Now that I am in college, the false promises of romantic comedies are far behind me as I become more and more acquainted with the reality of modern romance. Yet, “Friends with Benefits” appealed to me because the trailer featured a promising heroine. She also reminded me of myself. The quirky Jamie wants the same things I foolishly still search for: a romance that befits a fairy tale and the spontaneity of rom-coms. More importantly, she wants the perfect prince charming. Brusquely dumped by an insensitive boyfriend who was late to the showing of her favorite movie “Pretty Woman,” Jamie relinquishes her hopes for love. She even shouts in rage at rom-com poster-girl Katherine Heigl for being “a liar” because the starlet seemingly lives in a world of romance that is denied to her.
Then Dylan, also recently dumped, comes along and conveniently presents an irresistible offer of commitment-free sex. Their worlds collide as they both enter the much warned against “friends with benefits” relationship and enjoy sex as Dylan suggests intercourse should be – “like playing tennis.”
Although the film itself employs Hollywood clichés while attempting to evade them, I laud the film as surprisingly feminist. The brash and foul-mouthed Jamie is a lovable, relatable, and refreshingly flawed heroine who even admits that she is “emotionally damaged” and “imperfect.” More importantly, screenwriters have finally created a female protagonist who enjoys and loves sex! I’ve been waiting for this moment for years! Jamie unabashedly reveals her sexual preferences to Dylan, and her love of sex is not necessarily tied to intimacy.

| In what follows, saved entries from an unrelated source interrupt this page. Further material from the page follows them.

lemma pres_eq_central_normal_form:
  assumes central: "\<And>v. v \<in> words_over S \<Longrightarrow> pres_eq R (z @ v) (v @ z)"
    and letter: "\<And>x. fst x \<in> S \<Longrightarrow> pres_eq R [x] (\<theta> x @ word_pow z (d x))"
    and \<theta>_words: "\<And>x. fst x \<in> S \<Longrightarrow> \<theta> x \<in> words_over S"
    and "u \<in> words_over S"
  shows "pres_eq R u (word_subst \<theta> u @ word_pow z (word_degree d u))"
  using assms(4)
proof (induction u)
  case Nil
  show ?case by (simp add: word_pow_def pres_eq.refl)
next
  case (Cons x u)
  have u: "u \<in> words_over S" and x: "fst x \<in> S" using Cons.prems by auto
  have "word_subst \<theta> u \<in> words_over S"
    using u by (induction u) (auto simp: \<theta>_words)
  then have swap: "pres_eq R (word_pow z m @ word_subst \<theta> u) (word_subst \<theta> u @ word_pow z m)"
    for m by (rule word_pow_commute[OF central])
  let ?pu = "word_pow z (word_degree d u)"
  have "pres_eq R (x # u) (\<theta> x @ word_pow z (d x) @ word_subst \<theta> u @ ?pu)"
    using pres_eq_append[OF letter[OF x] Cons.IH[OF u]] by simp
  also have "pres_eq R (\<theta> x @ word_pow z (d x) @ word_subst \<theta> u @ ?pu)
                       (\<theta> x @ word_subst \<theta> u @ word_pow z (d x) @ ?pu)"
    using pres_eq.ctxt[OF swap, where p = "\<theta> x" and q = ?pu] by simp
  also have "pres_eq R (\<theta> x @ word_subst \<theta> u @ word_pow z (d x) @ ?pu)
                       (\<theta> x @ word_subst \<theta> u @ word_pow z (d x + word_degree d u))"
    using pres_eq_left_mult[OF word_pow_add, where p = "\<theta> x @ word_subst \<theta> u"]
    by simp
  finally show ?case by simp
qed
text \<open>\<frak>P_D(v) and \<frak>S_D(v): taken in D - rv.\<close>
definition EM_paths :: "'a set \<Rightarrow> ('a \<times> 'a) set \<Rightarrow> 'a \<Rightarrow> 'a \<Rightarrow> 'a list set set" where
  "EM_paths V E r v = {P. EM_path_system V (E - {(r, v)}) r v P}"

definition EM_seps :: "'a set \<Rightarrow> ('a \<times> 'a) set \<Rightarrow> 'a \<Rightarrow> 'a \<Rightarrow> 'a set set" where
  "EM_seps V E r v = {S. EM_separation V (E - {(r, v)}) r v S}"

end

theory Submission
  imports Defs
begin

(* Let P be an (r,v)-path system in D - rv orthogonal to S, and Q one with terminal edges I.
  Call y \<noteq> v a crossing if it lies on a P-path and on a Q-path q, not before the last
  vertex of S on q. A P-path meets S no later than at any of its crossings: otherwise its
  segment up to the crossing followed by the rest of q would be an (r,v)-walk avoiding S.
  Match P-paths with Q-paths through crossings stably, P-paths preferring earlier and
  Q-paths later crossings; such a matching exists by Fleiner's fixed-point proof of the
  stable marriage theorem, and stability forces every Q-path to be matched. Rerouting each
  matched P-path at its crossing onto its partner keeps the paths internally disjoint (two
  rerouted paths meeting would contradict stability) and their intersections with S, while
  every Q-path now contributes its terminal edge. *)

section \<open>Positions in lists\<close>

definition index :: "'a list \<Rightarrow> 'a \<Rightarrow> nat" where
  "index xs x = length (takeWhile (\<lambda>y. y \<noteq> x) xs)"

lemma index_Nil [simp]: "index [] x = 0"
  by (simp add: index_def)

lemma index_Cons [simp]: "index (y # xs) x = (if y = x then 0 else Suc (index xs x))"
  by (simp add: index_def)

lemma index_less_length: "x \<in> set xs \<Longrightarrow> index xs x < length xs"
  by (induction xs) auto

lemma nth_index: "x \<in> set xs \<Longrightarrow> xs ! index xs x = x"
  by (induction xs) auto

lemma index_eq_iff: "x \<in> set xs \<Longrightarrow> y \<in> set xs \<Longrightarrow> index xs x = index xs y \<longleftrightarrow> x = y"
  by (metis nth_index)

lemma index_hd: "xs \<noteq> [] \<Longrightarrow> index xs (hd xs) = 0"
  by (cases xs) auto

lemma index_le_index_last: "distinct xs \<Longrightarrow> x \<in> set xs \<Longrightarrow> index xs x \<le> index xs (last xs)"
  by (induction xs) (auto simp: last_in_set)

lemma diff_index_less_iff:
  "x \<in> set xs \<Longrightarrow> y \<in> set xs \<Longrightarrow>
    length xs - index xs x < length xs - index xs y \<longleftrightarrow> index xs y < index xs x"
  using index_less_length[of x xs] index_less_length[of y xs] by linarith

lemma diff_index_eq_iff:
  "x \<in> set xs \<Longrightarrow> y \<in> set xs \<Longrightarrow>
    length xs - index xs x = length xs - index xs y \<longleftrightarrow> x = y"
  using index_less_length[of x xs] index_less_length[of y xs] index_eq_iff[of x xs y]
  by linarith

lemma set_takeWhile_index:
  "distinct xs \<Longrightarrow> set (takeWhile (\<lambda>u. u \<noteq> z) xs) = {u \<in> set xs. index xs u < index xs z}"
  by (induction xs) auto

lemma set_dropWhile_index:
  "distinct xs \<Longrightarrow> z \<in> set xs \<Longrightarrow>
    set (dropWhile (\<lambda>u. u \<noteq> z) xs) = {u \<in> set xs. index xs z \<le> index xs u}"
  by (induction xs) auto

lemma dropWhile_neq_eq_Cons: "z \<in> set xs \<Longrightarrow> \<exists>ys. dropWhile (\<lambda>u. u \<noteq> z) xs = z # ys"
  by (induction xs) auto

lemma last_butlast_append: "2 \<le> length ys \<Longrightarrow> last (butlast (xs @ ys)) = last (butlast ys)"
  by (cases ys rule: rev_cases) (auto simp: butlast_append last_append)

section \<open>Walks, paths and splicing\<close>

lemma is_path_iff_successively:
  "is_path V E x y p \<longleftrightarrow> p \<noteq> [] \<and> hd p = x \<and> last p = y \<and> distinct p \<and> set p \<subseteq> V \<and>
     successively (\<lambda>a b. (a, b) \<in> E) p"
  by (auto simp: is_path_def successively_conv_nth)

lemma walk_contains_path:
  assumes "xs \<noteq> []" "set xs \<subseteq> V" "successively (\<lambda>a b. (a, b) \<in> E) xs"
  shows "\<exists>p. is_path V E (hd xs) (last xs) p \<and> set p \<subseteq> set xs"
  using assms
proof (induction "length xs" arbitrary: xs rule: less_induct)
  case less
  show ?case
  proof (cases "distinct xs")
    case True
    then show ?thesis
      using less.prems by (auto simp: is_path_iff_successively)
  next
    case False
    then obtain as u bs cs where xs: "xs = as @ [u] @ bs @ [u] @ cs"
      using not_distinct_decomp by blast
    let ?ys = "as @ [u] @ cs"
    have "successively (\<lambda>a b. (a, b) \<in> E) (as @ [u])"
      "successively (\<lambda>a b. (a, b) \<in> E) (u # cs)"
      using less.prems(3) successively_append_iff[of _ "as @ [u] @ bs" "u # cs"]
      unfolding xs by (auto simp: successively_append_iff)
    then have "successively (\<lambda>a b. (a, b) \<in> E) ?ys"
      by (auto simp: successively_append_iff)
    moreover have "length ?ys < length xs" "?ys \<noteq> []" "set ?ys \<subseteq> V"
      using less.prems(2) unfolding xs by auto
    ultimately obtain p where "is_path V E (hd ?ys) (last ?ys) p" "set p \<subseteq> set ?ys"
      using less.hyps by blast
    moreover have "hd ?ys = hd xs" "last ?ys = last xs" "set ?ys \<subseteq> set xs"
      unfolding xs by (auto simp: hd_append)
    ultimately show ?thesis
      by auto
  qed
qed

lemma path_system_unique_path:
  "path_system V E x y P \<Longrightarrow> p \<in> P \<Longrightarrow> p' \<in> P \<Longrightarrow> u \<in> set p \<Longrightarrow> u \<in> set p' \<Longrightarrow>
    u \<noteq> x \<Longrightarrow> u \<noteq> y \<Longrightarrow> p = p'"
  unfolding path_system_def by blast

definition splice_at :: "'a list \<Rightarrow> 'a \<Rightarrow> 'a list \<Rightarrow> 'a list" where
  "splice_at p z q = takeWhile (\<lambda>u. u \<noteq> z) p @ dropWhile (\<lambda>u. u \<noteq> z) q"

lemma splice_at_not_Nil: "z \<in> set q \<Longrightarrow> splice_at p z q \<noteq> []"
  by (simp add: splice_at_def)

lemma hd_splice_at:
  assumes "z \<in> set p" "z \<in> set q"
  shows "hd (splice_at p z q) = hd p"
proof -
  obtain q' where "dropWhile (\<lambda>u. u \<noteq> z) q = z # q'"
    using dropWhile_neq_eq_Cons[OF assms(2)] by blast
  then show ?thesis
    using assms(1) by (cases p) (auto simp: splice_at_def)
qed

lemma last_splice_at:
  assumes "z \<in> set q"
  shows "last (splice_at p z q) = last q"
proof -
  have ne: "dropWhile (\<lambda>u. u \<noteq> z) q \<noteq> []"
    using assms by simp
  then have "last q = last (dropWhile (\<lambda>u. u \<noteq> z) q)"
    using last_appendR takeWhile_dropWhile_id by metis
  with ne show ?thesis
    by (simp add: splice_at_def)
qed

lemma set_splice_at: "set (splice_at p z q) \<subseteq> set p \<union> set q"
  unfolding splice_at_def by (auto dest: set_takeWhileD set_dropWhileD)

lemma set_splice_at_eq:
  "distinct p \<Longrightarrow> distinct q \<Longrightarrow> z \<in> set q \<Longrightarrow>
    set (splice_at p z q) = {u \<in> set p. index p u < index p z} \<union> {u \<in> set q. index q z \<le> index q u}"
  by (simp add: splice_at_def set_takeWhile_index set_dropWhile_index)

lemma successively_splice_at:
  assumes "successively R p" "successively R q" "z \<in> set p" "z \<in> set q"
  shows "successively R (splice_at p z q)"
proof -
  obtain p' where p': "dropWhile (\<lambda>u. u \<noteq> z) p = z # p'"
    using dropWhile_neq_eq_Cons[OF assms(3)] by blast
  obtain q' where q': "dropWhile (\<lambda>u. u \<noteq> z) q = z # q'"
    using dropWhile_neq_eq_Cons[OF assms(4)] by blast
  have "successively R (takeWhile (\<lambda>u. u \<noteq> z) p @ z # p')"
    using assms(1) p' takeWhile_dropWhile_id[of "\<lambda>u. u \<noteq> z" p] by simp
  moreover have "successively R (takeWhile (\<lambda>u. u \<noteq> z) q @ z # q')"
    using assms(2) q' takeWhile_dropWhile_id[of "\<lambda>u. u \<noteq> z" q] by simp
  then have "successively R (z # q')"
    by (simp add: successively_append_iff)
  ultimately show ?thesis
    unfolding splice_at_def q' by (auto simp: successively_append_iff)
qed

This fact needs to finally be conveyed to male moviegoers, for women are often portrayed as the weepy saboteurs of “friends with benefits” relationships because they are “clingy” or “jealous.” Fortunately, Jamie is a far cry from Katherine Heigl in the “Ugly Truth,” who responds to Gerard Butler’s question, “do you flick the bean?” [masturbate] with revulsion; she enjoys sex as a purely physical act. What I love about Jamie is that she does not play prim and proper and she is an unapologetically sexual being. Additionally, I must add that unlike the media would lead us to believe, having a “friend with benefits” is possible for women and can be completely risk-free.
However, I was disappointed that the film does indeed end in a stereotypical rom-com flash mob finale. Spontaneity is glorified, and Jamie finally obtains her romanticized Prince Charming in the guise of Justin Timberlake. Thus, the film is paradoxical and leaves me with contradicting emotions. Should we still desire for our lives to recreate tawdry movie scripts? I still firmly believe that romantic comedies sabotage meaningful relationships. People are more complex than photogenic, two-dimensional characters, and love is (thankfully) more nuanced, challenging, and real than a collection of cheesy “take your breath away” moments. The false expectations of these films are inherently damaging. We should not attempt to have reality mirror the illusions of simplified Hollywood love.
Instead of waiting for a white horse to whisk us away, we should be looking for a companion who genuinely respects and loves us. Prince Charming comes in many forms, and besides, he is more interesting when he is a flawed, real human being! As a struggling hopeless romantic myself, I bid women to stop searching for the “happily-ever-afters” of chick-flicks and instead, to simply enjoy life, love, and sex.